Based on my research I recommend we use Grafana Cloud for now. Stack driver is not really an option since it does not satisfy our needs. Datadog has no more feature but some limitations when compared to Grafana Cloud and Grafana Cloud has no serious limitations. Grafana Cloud has an advantage on openness and expertise and the pricing seems reasonable.
The choice of using the hosted version of an established stack (for better or for worse :trollface:) with a price tag < 100$ is very reasonable.
I’m still curious to hear what operational burden you’re afraid of – both Grafana and Prometheus are by design rather easy to run, and not very resource intensive.
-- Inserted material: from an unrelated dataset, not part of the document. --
(* In the affine setting described in the context, let $\eta,\eta'\in A$ and let $\psi\in\mathcal{L}^2(\hat{Q},\nu_Q)$. Then the function $$\psi'(\phi):=\psi\big(\phi+q(\eta'-\eta)\big)\,\beta_{\eta,\eta'}(\phi),\qquad\phi\in\hat{Q},$$ is well defined as a function on $\hat{Q}$ and belongs to $\mathcal{L}^2(\hat{Q},\nu_Q)$. Moreover, the map $\mathcal{L}^2(\hat{Q},\nu_Q)\to\mathcal{L}^2(\hat{Q},\nu_Q)$, $\psi\mapsto\psi'$, is an isometric isomorphism.
   Context: $A$ is a real affine space over the vector space $L$. $\theta:A\times L\to\mathbb{R}$ is linear in the second argument and there is a bilinear $[\cdot,\cdot]:L\times L\to\mathbb{R}$ with $\theta(\eta+\xi,\tau)=\theta(\eta,\tau)+[\xi,\tau]$; $\omega(\xi,\xi')=\frac12[\xi,\xi']-\frac12[\xi',\xi]$ is non-degenerate. $M=\{\tau:[\xi,\tau]=0\ \forall\xi\in L\}$, $N=\{\tau:[\tau,\xi]=0\ \forall\xi\in L\}$, $L=M\oplus N$ assumed, $Q=L/M$ with quotient map $q$; $[\cdot,\cdot]$ descends to $L\times Q\to\mathbb{R}$. $\Omega:Q\times Q\to\mathbb{C}$ is symmetric bilinear with positive definite real part and admissible: $Q$ with inner product $\Re\Omega$ is a separable real Hilbert space, $\Im\Omega$ is continuous, each $\phi\mapsto[\xi,\phi]$ ($\xi\in L$) is continuous on $Q$, and every continuous linear functional on $Q$ has this form. $\hat{Q}$ is the algebraic dual of the topological dual $Q^*$, containing $Q$ canonically, with the initial topology of the evaluations at elements of $Q^*$; $\nu_Q$ is the Gaussian probability measure on $\hat{Q}$ with $\int\exp(\mathrm{i}x(\ell))\,\mathrm{d}\nu_Q(x)=\exp(-\frac14\|\ell\|^2)$ for $\ell\in Q^*$. $\mathcal{L}^2(\hat{Q},\nu_Q)$ denotes the (semi-normed) space of square-integrable functions. For $\eta,\eta'\in A$, $\beta_{\eta,\eta'}$ is the continuous function on $Q$ $$\beta_{\eta,\eta'}(\phi)=\exp\Big(\mathrm{i}\theta(\eta,\eta'-\eta)-\tfrac12\Omega(q(\eta'-\eta),q(\eta'-\eta))-\mathrm{i}[\eta'-\eta,\phi]-\Omega(q(\eta'-\eta),\phi)\Big),$$ which depends on $\phi$ only through continuous linear functionals and hence extends canonically to a continuous function on $\hat{Q}$ (a continuous function on $Q$ invariant under translations by a closed finite-codimension subspace $W$ factors through $Q/W$, which is also a quotient of $\hat{Q}$). *)

theory Defs
  imports "HOL-Probability.Probability"
begin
I’m also curious to hear about how you plan to utilise logs for observability. Having built numerous logging pipelines over the years, I am mostly convinced that it should either be built on grep or The log/event processing pipeline you can’t have (which is, basically, distributed grep).
When I tried to setup Grafana myself on K8s I spent more than one hour on it and then got to a point where I would have had to spent at least another half day to write the terraform code to setup an ingress with SSL certificates and a domain so that we can log into it. After that only I would have been able to fix any issues with Grafana and the team would have relied on me. With us spending 50$ on the service it already pays of if we spent more than one hour per month on operating Grafana/Prometheus.
It’s definitely possible for us to run it ourselves and I don’t doubt that it would be rather easy. But at the moment it would just drain resources without benefit. Of course this evaluation might change over time and at some point it might make sense to operate the stack ourselves.
I hope that logs don’t need to play a big role in monitoring the system. Since we control the code we should expose metrics for all the things we care about. However, logs will definitely be integral to debugging and understanding the system if something goes wrong. With this in mind our needs should be very simple: We should be able to retrieve stored logs, filter them, and inspect them. In addition, as for our metrics pipeline, the system should be very easy to operate and easy to use (ideally with a lot of documentation and public knowledge).
Ya fifty bucks is alright. If it goes over 150-200, I’d reevaluate.
I took a look at what is emitted currently, and it does seem free-form. Most services or self-hosted indexers I’m aware of won’t provide much value on unstructed textual log lines – but charge you 10x the storage price of a S3/GCS bucket.
So my question is: do you want to be able to tail the logs of all nodes in realtime, or retrieve historical ones for forensics?
I think the latter is more important in the long run. Real time inspection will also be necessary (and is indeed something we’re doing already) but it will be used mainly for checking single instances and the current tools (kubectl logs and stack driver) are enough for the moment.
I’ll give the logging discussion a bit more time to find out what we really need (definitely structured logs) and then evaluate some solutions. For now we can stick with what we have.